Pozostaje reaktor numer cztery.
Znajduje się w nim basen z wodą, a w nim pręty zużytego paliwa
nuklearnego. Zużytego nie znaczy nieczynnego. Wręcz przeciwnie nadal
niebezpiecznego i promieniującego. Budynek, w którym znajduje się basen i
zanurzone w nim pręty, rozpada się. Lada moment może runąć, bądź to pod
wpływem kolejnego trzęsienia ziemi, bądź sam ze siebie.
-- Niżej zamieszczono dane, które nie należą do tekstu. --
text \<open>A linear lower bound for \<open>sin\<close> near 0, since \<open>cos \<ge> 1/2\<close> on \<open>[0,1]\<close>.\<close>
lemma sin_ge_half_self:
  fixes y :: real assumes "0 \<le> y" "y \<le> 1" shows "y / 2 \<le> sin y"
proof -
  have cos_ge: "1/2 \<le> cos u" if "0 \<le> u" "u \<le> 1" for u :: real
  proof -
    have "cos (pi/3) \<le> cos u" using that pi_gt3 by (intro cos_monotone_0_pi_le) auto
    then show ?thesis by (simp add: cos_60)
  qed
  have "\<exists>d. ((\<lambda>x. sin x - x / 2) has_real_derivative d) (at u) \<and> 0 \<le> d"
    if "0 \<le> u" "u \<le> y" for u
    using that assms cos_ge[of u]
    by (intro exI[of _ "cos u - 1/2"]) (auto intro!: derivative_eq_intros)
  from DERIV_nonneg_imp_nondecreasing[OF assms(1) this] show ?thesis by simp
qed

lemma dirichlet_cos_sum:
  "2 * sin (a/2) * (\<Sum>k=1..K. cos (real k * a)) = sin ((real K + 1/2) * a) - sin (a/2)"
proof (induction K)
  case 0
  then show ?case by simp
next
  case (Suc K)
  have prod_to_sum: "2 * sin (a/2) * cos b = sin (b + a/2) - sin (b - a/2)" for b
    by (simp add: sin_add sin_diff)
  have "(real K + 1/2) * a = real (Suc K) * a - a/2"
    and "(real (Suc K) + 1/2) * a = real (Suc K) * a + a/2"
    by (simp_all add: algebra_simps)
  then show ?case
    using Suc prod_to_sum[of "real (Suc K) * a"] by (simp add: algebra_simps)
qed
Co będzie jeśli runie? Woda z basenu się wyleje. Pręty zostaną
odsłonięte i wejdą ze sobą w kontakt. Każdy z nich znajduje się w
osłonie z cyrkonu. Metal ten w kontakcie z powietrzem ma tendencję do
samozapłonu. Pali się jasnym, gorącym płomieniem. Jeśli dojdzie do
zapłonu osłony cyrkonowej to promieniowanie z pręta zacznie przedostawać
się do otoczenia. Pręty blisko siebie to spotęgowanie reakcji
nuklearnej.
Co trzeba zrobić? Trzeba wyjąć te pręty i schować je w bezpiecznym
miejscu. Inaczej nastąpi reakcja nuklearna i w jej wyniku, pożar lub
nawet eksplozja, a w efekcie ostatecznym emisja radioaktywności nie do
gleby czy wody tylko do atmosfery. Wyjmować pręty trzeba ostrożnie, aby
ich nie upuścić czy nie uszkodzić powłoki. Promieniowanie jednego
pozbawionego osłony pręta zabije ludzi w jego pobliżu w ciągu kilku minut.
Problem polega więc na tym, że przy operacji wyjmowania kolejnych
prętów nie może wystąpić żaden błąd skutkujący uszkodzeniem lub
upuszczeniem pręta. Ile jest tych prętów? Ile będzie takich operacji?
Ponad 1 300sztuk. Ile waży paliwo w nich zawarte? Około 400 ton.
Co będzie jeśli jednak dojdzie do choćby jednej awarii czy błędu?
Ludzie w bezpośredniej bliskości zginą natychmiast. Promieniowanie w
paliwie zostanie wyemitowane do atmosfery. Co to oznacza dla pozostałych
ludzi?
Półkula północna nie będzie się nadawała do zamieszkania.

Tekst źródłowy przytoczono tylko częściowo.